This study addresses the challenge of intractable marginal likelihood computation in stochastic compartmental models for epidemic surveillance due to partially observed data. Within the dynamical survival analysis (DSA) framework, the authors derive, for the first time, a closed-form marginal likelihood tailored to discrete incidence count data. The approach integrates a large-population limit approximation with a counting-process-based stochastic model, achieving both computational efficiency and modeling flexibility. It naturally extends to frailty models incorporating individual heterogeneity in susceptibility. Experiments on simulated and real-world datasets—including Ebola and SARS-CoV-2 variants—demonstrate that the method yields parameter estimates nearly as accurate as those from exact but computationally prohibitive benchmark approaches, while enabling practical applications in modeling transmission dynamics and susceptibility distributions.
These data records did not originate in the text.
text \<open>For odd \<sigma>, \<sigma> u mod n depends only on \<sigma> mod 2^(k-s) and is congruent to 2^s modulo 2^(s+1).\<close>

lemma card_odd_mult_mod_le:
  fixes u v :: int and P :: "int \<Rightarrow> bool"
  assumes n: "n = 2 ^ k" and u: "u = 2 ^ s * v" and "odd v" "s < k"
  shows "card {\<sigma> \<in> {0..<int n}. odd \<sigma> \<and> P ((\<sigma> * u) mod int n)}
    \<le> card {x \<in> {0..<int n}. x mod 2 ^ Suc s = 2 ^ s \<and> P x} * 2 ^ s"
proof -
  define M :: int where "M = 2 ^ (k - s)"
  let ?A = "{\<sigma> \<in> {0..<int n}. odd \<sigma> \<and> P ((\<sigma> * u) mod int n)}"
  and ?X = "{x \<in> {0..<int n}. x mod 2 ^ Suc s = 2 ^ s \<and> P x}"
  and ?h = "\<lambda>\<sigma>. ((\<sigma> * u) mod int n, \<sigma> div M)"
  have nM: "int n = 2 ^ s * M"
    unfolding n M_def using assms(4) by (simp add: power_add[symmetric])
  have dvd: "2 ^ Suc s dvd int n"
    unfolding n using assms(4) le_imp_power_dvd[of "Suc s" k "2::int"] by simp
  have "inj_on ?h ?A"
  proof (rule inj_onI)
    fix a b assume "a \<in> ?A" "b \<in> ?A" and eq: "?h a = ?h b"
    then have "int n dvd a * u - b * u"
      by (simp add: mod_eq_dvd_iff)
    then have "2 ^ s * M dvd 2 ^ s * ((a - b) * v)"
      unfolding nM u by (simp add: algebra_simps)
    then have "M dvd (a - b) * v"
      by simp
    moreover have "coprime M v"
      unfolding M_def using \<open>odd v\<close> by simp
    ultimately have "a mod M = b mod M"
      by (simp add: coprime_dvd_mult_left_iff mod_eq_dvd_iff)
    moreover have "a div M = b div M"
      using eq by simp
    ultimately show "a = b"
      by (metis mult_div_mod_eq)
  qed
  moreover have "?h ` ?A \<subseteq> ?X \<times> {0..<2 ^ s}"
  proof (rule image_subsetI)
    fix \<sigma> assume "\<sigma> \<in> ?A"
    then have \<sigma>: "\<sigma> \<in> {0..<int n}" "odd \<sigma>" "P ((\<sigma> * u) mod int n)"
      by simp_all
    have "(\<sigma> * u) mod int n mod 2 ^ Suc s = (2 ^ s * (\<sigma> * v)) mod (2 ^ s * 2)"
      using dvd by (simp add: mod_mod_cancel u algebra_simps)
    also have "\<dots> = 2 ^ s * ((\<sigma> * v) mod 2)"
      by (rule mult_mod_right[symmetric])
    also have "(\<sigma> * v) mod 2 = 1"
      using \<sigma>(2) \<open>odd v\<close> by (simp add: odd_iff_mod_2_eq_one[symmetric])
    finally have "(\<sigma> * u) mod int n mod 2 ^ Suc s = 2 ^ s"
      by simp
    moreover have "0 \<le> \<sigma> div M" "\<sigma> div M < 2 ^ s"
    proof -
      have M: "M > 0"
        unfolding M_def by simp
      then show "0 \<le> \<sigma> div M"
        using \<sigma>(1) by (simp add: pos_imp_zdiv_nonneg_iff)
      have "\<sigma> div M * M + \<sigma> mod M = \<sigma>" "0 \<le> \<sigma> mod M" "\<sigma> < 2 ^ s * M"
        using M \<sigma>(1) nM by (simp_all only: div_mult_mod_eq pos_mod_sign) simp
      then have "\<sigma> div M * M < 2 ^ s * M"
        by linarith
      then show "\<sigma> div M < 2 ^ s"
        using M by (simp add: mult_less_cancel_right)
    qed
    ultimately show "?h \<sigma> \<in> ?X \<times> {0..<2 ^ s}"
      using \<sigma> by simp
  qed
  moreover have "finite ?X"
    by (rule finite_subset[of _ "{0..<int n}"]) auto
  ultimately have "card ?A \<le> card (?X \<times> {0..<(2::int) ^ s})"
    by (intro card_inj_on_le) auto
  then show ?thesis
    by (simp add: card_cartesian_product nat_power_eq)
qed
Stochastic compartmental models are prevalent tools for describing disease spread, but inference under these models is challenging for many types of surveillance data when the marginal likelihood function becomes intractable due to missing information. To address this, we develop a closed-form likelihood for discretely observed incidence count data under the dynamical survival analysis (DSA) paradigm. The method approximates the stochastic population-level hazard by a large population limit while retaining a count-valued stochastic model, and leads to survival analytic inferential strategies that are both computationally efficient and flexible to model generalizations. Through simulation, we show that parameter estimation is competitive with recent exact but computationally expensive likelihood-based methods in partially observed settings. Previous work has shown that the DSA approximation is generalizable, and we show that the inferential developments here also carry over to models featuring individual heterogeneity, such as frailty models. We consider case studies of both Ebola and COVID-19 data on variants of the model, including a network-based epidemic model and a model with distributions over susceptibility, demonstrating its flexibility and practical utility on real, partially observed datasets.